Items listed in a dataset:
********

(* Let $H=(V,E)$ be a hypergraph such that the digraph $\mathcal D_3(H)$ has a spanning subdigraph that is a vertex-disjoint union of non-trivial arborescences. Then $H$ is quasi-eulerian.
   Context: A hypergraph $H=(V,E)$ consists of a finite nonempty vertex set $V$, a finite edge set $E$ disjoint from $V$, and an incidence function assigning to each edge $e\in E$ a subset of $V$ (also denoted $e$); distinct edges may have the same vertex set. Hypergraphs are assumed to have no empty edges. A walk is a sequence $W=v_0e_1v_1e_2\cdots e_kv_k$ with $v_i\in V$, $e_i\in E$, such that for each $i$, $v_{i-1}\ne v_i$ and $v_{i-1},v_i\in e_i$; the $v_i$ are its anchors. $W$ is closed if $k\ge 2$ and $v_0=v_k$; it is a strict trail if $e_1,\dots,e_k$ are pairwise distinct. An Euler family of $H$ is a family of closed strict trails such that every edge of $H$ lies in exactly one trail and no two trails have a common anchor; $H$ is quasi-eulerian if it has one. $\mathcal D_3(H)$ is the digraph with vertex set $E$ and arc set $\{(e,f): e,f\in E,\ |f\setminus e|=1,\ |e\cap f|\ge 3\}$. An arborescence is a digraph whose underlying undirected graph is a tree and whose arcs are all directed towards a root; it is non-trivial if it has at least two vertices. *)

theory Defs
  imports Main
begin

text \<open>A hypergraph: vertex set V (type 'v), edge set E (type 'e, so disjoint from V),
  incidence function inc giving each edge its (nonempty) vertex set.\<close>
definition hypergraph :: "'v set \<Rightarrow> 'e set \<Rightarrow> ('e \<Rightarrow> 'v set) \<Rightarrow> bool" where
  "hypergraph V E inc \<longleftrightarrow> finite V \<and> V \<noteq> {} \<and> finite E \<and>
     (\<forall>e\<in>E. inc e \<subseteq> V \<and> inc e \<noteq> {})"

********

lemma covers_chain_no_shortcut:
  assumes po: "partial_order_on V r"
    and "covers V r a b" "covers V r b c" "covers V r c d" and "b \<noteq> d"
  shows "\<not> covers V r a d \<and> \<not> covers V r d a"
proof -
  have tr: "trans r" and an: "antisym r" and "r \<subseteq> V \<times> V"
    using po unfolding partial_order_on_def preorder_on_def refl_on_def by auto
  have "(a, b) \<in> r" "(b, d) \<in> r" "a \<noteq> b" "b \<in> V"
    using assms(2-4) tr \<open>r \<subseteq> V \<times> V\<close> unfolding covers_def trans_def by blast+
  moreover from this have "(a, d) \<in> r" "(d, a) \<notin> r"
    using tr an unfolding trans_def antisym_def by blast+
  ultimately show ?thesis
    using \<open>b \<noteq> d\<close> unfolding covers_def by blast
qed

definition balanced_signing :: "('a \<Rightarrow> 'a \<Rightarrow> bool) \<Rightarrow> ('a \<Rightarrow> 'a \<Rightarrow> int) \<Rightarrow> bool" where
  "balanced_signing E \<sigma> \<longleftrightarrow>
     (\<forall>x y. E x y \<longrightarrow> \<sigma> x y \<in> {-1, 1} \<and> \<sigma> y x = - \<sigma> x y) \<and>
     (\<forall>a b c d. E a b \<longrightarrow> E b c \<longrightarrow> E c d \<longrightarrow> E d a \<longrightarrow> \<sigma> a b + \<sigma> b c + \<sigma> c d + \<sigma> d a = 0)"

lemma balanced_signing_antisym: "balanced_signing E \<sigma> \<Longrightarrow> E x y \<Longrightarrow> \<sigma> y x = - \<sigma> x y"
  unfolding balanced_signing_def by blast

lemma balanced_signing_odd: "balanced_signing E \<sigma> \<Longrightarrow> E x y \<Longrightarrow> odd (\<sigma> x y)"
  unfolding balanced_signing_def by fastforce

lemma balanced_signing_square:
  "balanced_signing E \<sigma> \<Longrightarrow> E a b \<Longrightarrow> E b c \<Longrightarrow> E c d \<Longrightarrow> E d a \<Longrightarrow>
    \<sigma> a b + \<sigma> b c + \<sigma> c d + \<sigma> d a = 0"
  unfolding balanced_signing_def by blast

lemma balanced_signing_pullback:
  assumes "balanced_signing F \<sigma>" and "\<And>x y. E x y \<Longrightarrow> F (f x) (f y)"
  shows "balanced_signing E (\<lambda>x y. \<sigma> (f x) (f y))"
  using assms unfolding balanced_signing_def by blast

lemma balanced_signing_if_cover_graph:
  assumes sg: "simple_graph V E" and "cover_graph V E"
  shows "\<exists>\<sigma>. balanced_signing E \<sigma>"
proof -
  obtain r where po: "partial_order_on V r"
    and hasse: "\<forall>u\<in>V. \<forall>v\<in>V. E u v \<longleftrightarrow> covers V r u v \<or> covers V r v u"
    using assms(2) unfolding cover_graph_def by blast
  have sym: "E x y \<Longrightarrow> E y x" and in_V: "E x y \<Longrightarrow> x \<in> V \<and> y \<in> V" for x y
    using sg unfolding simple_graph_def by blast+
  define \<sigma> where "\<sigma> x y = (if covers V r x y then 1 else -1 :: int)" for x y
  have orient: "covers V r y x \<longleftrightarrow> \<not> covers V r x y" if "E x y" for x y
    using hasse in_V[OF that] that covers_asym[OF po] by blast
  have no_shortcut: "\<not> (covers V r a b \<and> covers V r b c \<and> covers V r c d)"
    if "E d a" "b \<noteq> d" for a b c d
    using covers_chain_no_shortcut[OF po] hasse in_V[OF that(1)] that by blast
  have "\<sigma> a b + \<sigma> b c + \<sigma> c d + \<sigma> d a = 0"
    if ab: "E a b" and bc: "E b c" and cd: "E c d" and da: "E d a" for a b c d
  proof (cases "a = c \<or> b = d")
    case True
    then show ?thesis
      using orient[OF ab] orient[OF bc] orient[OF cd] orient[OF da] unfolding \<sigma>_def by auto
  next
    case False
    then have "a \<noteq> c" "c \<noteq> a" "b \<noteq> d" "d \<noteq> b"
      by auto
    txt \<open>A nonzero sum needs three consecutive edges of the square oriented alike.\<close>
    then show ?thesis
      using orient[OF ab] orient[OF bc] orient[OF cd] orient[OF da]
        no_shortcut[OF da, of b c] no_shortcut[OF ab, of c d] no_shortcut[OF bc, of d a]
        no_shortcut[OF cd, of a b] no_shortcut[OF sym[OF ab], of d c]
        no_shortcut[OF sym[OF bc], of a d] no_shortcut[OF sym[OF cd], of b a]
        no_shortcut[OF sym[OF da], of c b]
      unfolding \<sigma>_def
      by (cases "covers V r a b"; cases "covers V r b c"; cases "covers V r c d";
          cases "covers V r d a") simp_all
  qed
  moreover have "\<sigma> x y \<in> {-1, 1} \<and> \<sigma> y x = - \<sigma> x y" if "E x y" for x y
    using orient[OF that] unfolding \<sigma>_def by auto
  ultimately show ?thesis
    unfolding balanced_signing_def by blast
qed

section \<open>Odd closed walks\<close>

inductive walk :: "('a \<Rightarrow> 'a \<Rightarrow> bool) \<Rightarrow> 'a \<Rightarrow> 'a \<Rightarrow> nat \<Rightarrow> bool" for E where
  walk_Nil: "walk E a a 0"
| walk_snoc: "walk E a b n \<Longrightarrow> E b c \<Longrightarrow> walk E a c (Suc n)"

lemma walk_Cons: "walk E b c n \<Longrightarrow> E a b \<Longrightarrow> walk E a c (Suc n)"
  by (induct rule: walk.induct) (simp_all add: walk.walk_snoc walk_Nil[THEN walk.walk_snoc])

********

What you return must be an exact retyping of the lines above starting at the line with "(* Let $H=(V,E)$" and ending at the line with "Context: A hypergraph", and nothing besides.

(* Let $H=(V,E)$ be a hypergraph such that the digraph $\mathcal D_3(H)$ has a spanning subdigraph that is a vertex-disjoint union of non-trivial arborescences. Then $H$ is quasi-eulerian.
   Context: A hypergraph $H=(V,E)$ consists of a finite nonempty vertex set $V$, a finite edge set $E$ disjoint from $V$, and an incidence function assigning to each edge $e\in E$ a subset of $V$ (also denoted $e$); distinct edges may have the same vertex set. Hypergraphs are assumed to have no empty edges. A walk is a sequence $W=v_0e_1v_1e_2\cdots e_kv_k$ with $v_i\in V$, $e_i\in E$, such that for each $i$, $v_{i-1}\ne v_i$ and $v_{i-1},v_i\in e_i$; the $v_i$ are its anchors. $W$ is closed if $k\ge 2$ and $v_0=v_k$; it is a strict trail if $e_1,\dots,e_k$ are pairwise distinct. An Euler family of $H$ is a family of closed strict trails such that every edge of $H$ lies in exactly one trail and no two trails have a common anchor; $H$ is quasi-eulerian if it has one. $\mathcal D_3(H)$ is the digraph with vertex set $E$ and arc set $\{(e,f): e,f\in E,\ |f\setminus e|=1,\ |e\cap f|\ge 3\}$. An arborescence is a digraph whose underlying undirected graph is a tree and whose arcs are all directed towards a root; it is non-trivial if it has at least two vertices. *)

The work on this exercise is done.